─── AVAILABLE RECORDS

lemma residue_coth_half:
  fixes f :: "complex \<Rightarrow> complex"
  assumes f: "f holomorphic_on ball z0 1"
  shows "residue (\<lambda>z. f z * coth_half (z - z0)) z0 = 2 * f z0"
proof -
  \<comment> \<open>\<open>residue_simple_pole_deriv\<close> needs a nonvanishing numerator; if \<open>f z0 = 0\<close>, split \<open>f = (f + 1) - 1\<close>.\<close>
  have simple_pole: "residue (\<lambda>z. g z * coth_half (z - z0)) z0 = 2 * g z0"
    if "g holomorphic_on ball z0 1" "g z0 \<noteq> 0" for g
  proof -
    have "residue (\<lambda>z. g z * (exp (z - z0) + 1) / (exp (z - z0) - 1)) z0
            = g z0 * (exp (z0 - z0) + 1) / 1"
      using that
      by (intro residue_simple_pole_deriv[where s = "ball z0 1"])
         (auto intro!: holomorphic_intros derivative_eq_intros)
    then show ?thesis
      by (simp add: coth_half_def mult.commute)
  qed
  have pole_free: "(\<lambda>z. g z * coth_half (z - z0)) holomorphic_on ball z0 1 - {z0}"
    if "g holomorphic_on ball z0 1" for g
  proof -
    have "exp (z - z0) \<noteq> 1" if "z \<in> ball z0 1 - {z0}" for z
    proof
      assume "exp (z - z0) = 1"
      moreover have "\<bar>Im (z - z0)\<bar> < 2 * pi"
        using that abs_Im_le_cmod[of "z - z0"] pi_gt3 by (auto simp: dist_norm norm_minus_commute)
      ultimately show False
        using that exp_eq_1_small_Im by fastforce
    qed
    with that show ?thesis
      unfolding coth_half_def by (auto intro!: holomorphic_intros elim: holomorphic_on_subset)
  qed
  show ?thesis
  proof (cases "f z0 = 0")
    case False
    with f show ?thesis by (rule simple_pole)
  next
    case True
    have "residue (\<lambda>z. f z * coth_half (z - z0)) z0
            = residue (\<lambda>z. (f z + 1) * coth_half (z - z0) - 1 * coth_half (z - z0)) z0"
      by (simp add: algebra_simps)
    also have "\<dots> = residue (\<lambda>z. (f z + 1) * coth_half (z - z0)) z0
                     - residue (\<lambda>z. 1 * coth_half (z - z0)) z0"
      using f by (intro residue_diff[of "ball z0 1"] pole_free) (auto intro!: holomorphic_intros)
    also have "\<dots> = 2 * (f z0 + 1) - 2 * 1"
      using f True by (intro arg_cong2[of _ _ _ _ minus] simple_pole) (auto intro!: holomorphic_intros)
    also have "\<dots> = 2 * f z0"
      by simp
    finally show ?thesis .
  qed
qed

──────

- [EXERCISE BRIEF]: The whole listing, restated word for word, is the expected answer.

- [SOLUTION BELOW]:
lemma residue_coth_half:
  fixes f :: "complex \<Rightarrow> complex"
  assumes f: "f holomorphic_on ball z0 1"
  shows "residue (\<lambda>z. f z * coth_half (z - z0)) z0 = 2 * f z0"
proof -
  \<comment> \<open>\<open>residue_simple_pole_deriv\<close> needs a nonvanishing numerator; if \<open>f z0 = 0\<close>, split \<open>f = (f + 1) - 1\<close>.\<close>
  have simple_pole: "residue (\<lambda>z. g z * coth_half (z - z0)) z0 = 2 * g z0"
    if "g holomorphic_on ball z0 1" "g z0 \<noteq> 0" for g
  proof -
    have "residue (\<lambda>z. g z * (exp (z - z0) + 1) / (exp (z - z0) - 1)) z0
            = g z0 * (exp (z0 - z0) + 1) / 1"
      using that
      by (intro residue_simple_pole_deriv[where s = "ball z0 1"])
         (auto intro!: holomorphic_intros derivative_eq_intros)
    then show ?thesis
      by (simp add: coth_half_def mult.commute)
  qed
  have pole_free: "(\<lambda>z. g z * coth_half (z - z0)) holomorphic_on ball z0 1 - {z0}"
    if "g holomorphic_on ball z0 1" for g
  proof -
    have "exp (z - z0) \<noteq> 1" if "z \<in> ball z0 1 - {z0}" for z
    proof
      assume "exp (z - z0) = 1"
      moreover have "\<bar>Im (z - z0)\<bar> < 2 * pi"
        using that abs_Im_le_cmod[of "z - z0"] pi_gt3 by (auto simp: dist_norm norm_minus_commute)
      ultimately show False
        using that exp_eq_1_small_Im by fastforce
    qed
    with that show ?thesis
      unfolding coth_half_def by (auto intro!: holomorphic_intros elim: holomorphic_on_subset)
  qed
  show ?thesis
  proof (cases "f z0 = 0")
    case False
    with f show ?thesis by (rule simple_pole)
  next
    case True
    have "residue (\<lambda>z. f z * coth_half (z - z0)) z0
            = residue (\<lambda>z. (f z + 1) * coth_half (z - z0) - 1 * coth_half (z - z0)) z0"
      by (simp add: algebra_simps)
    also have "\<dots> = residue (\<lambda>z. (f z + 1) * coth_half (z - z0)) z0
                     - residue (\<lambda>z. 1 * coth_half (z - z0)) z0"
      using f by (intro residue_diff[of "ball z0 1"] pole_free) (auto intro!: holomorphic_intros)
    also have "\<dots> = 2 * (f z0 + 1) - 2 * 1"
      using f True by (intro arg_cong2[of _ _ _ _ minus] simple_pole) (auto intro!: holomorphic_intros)
    also have "\<dots> = 2 * f z0"
      by simp
    finally show ?thesis .
  qed
qed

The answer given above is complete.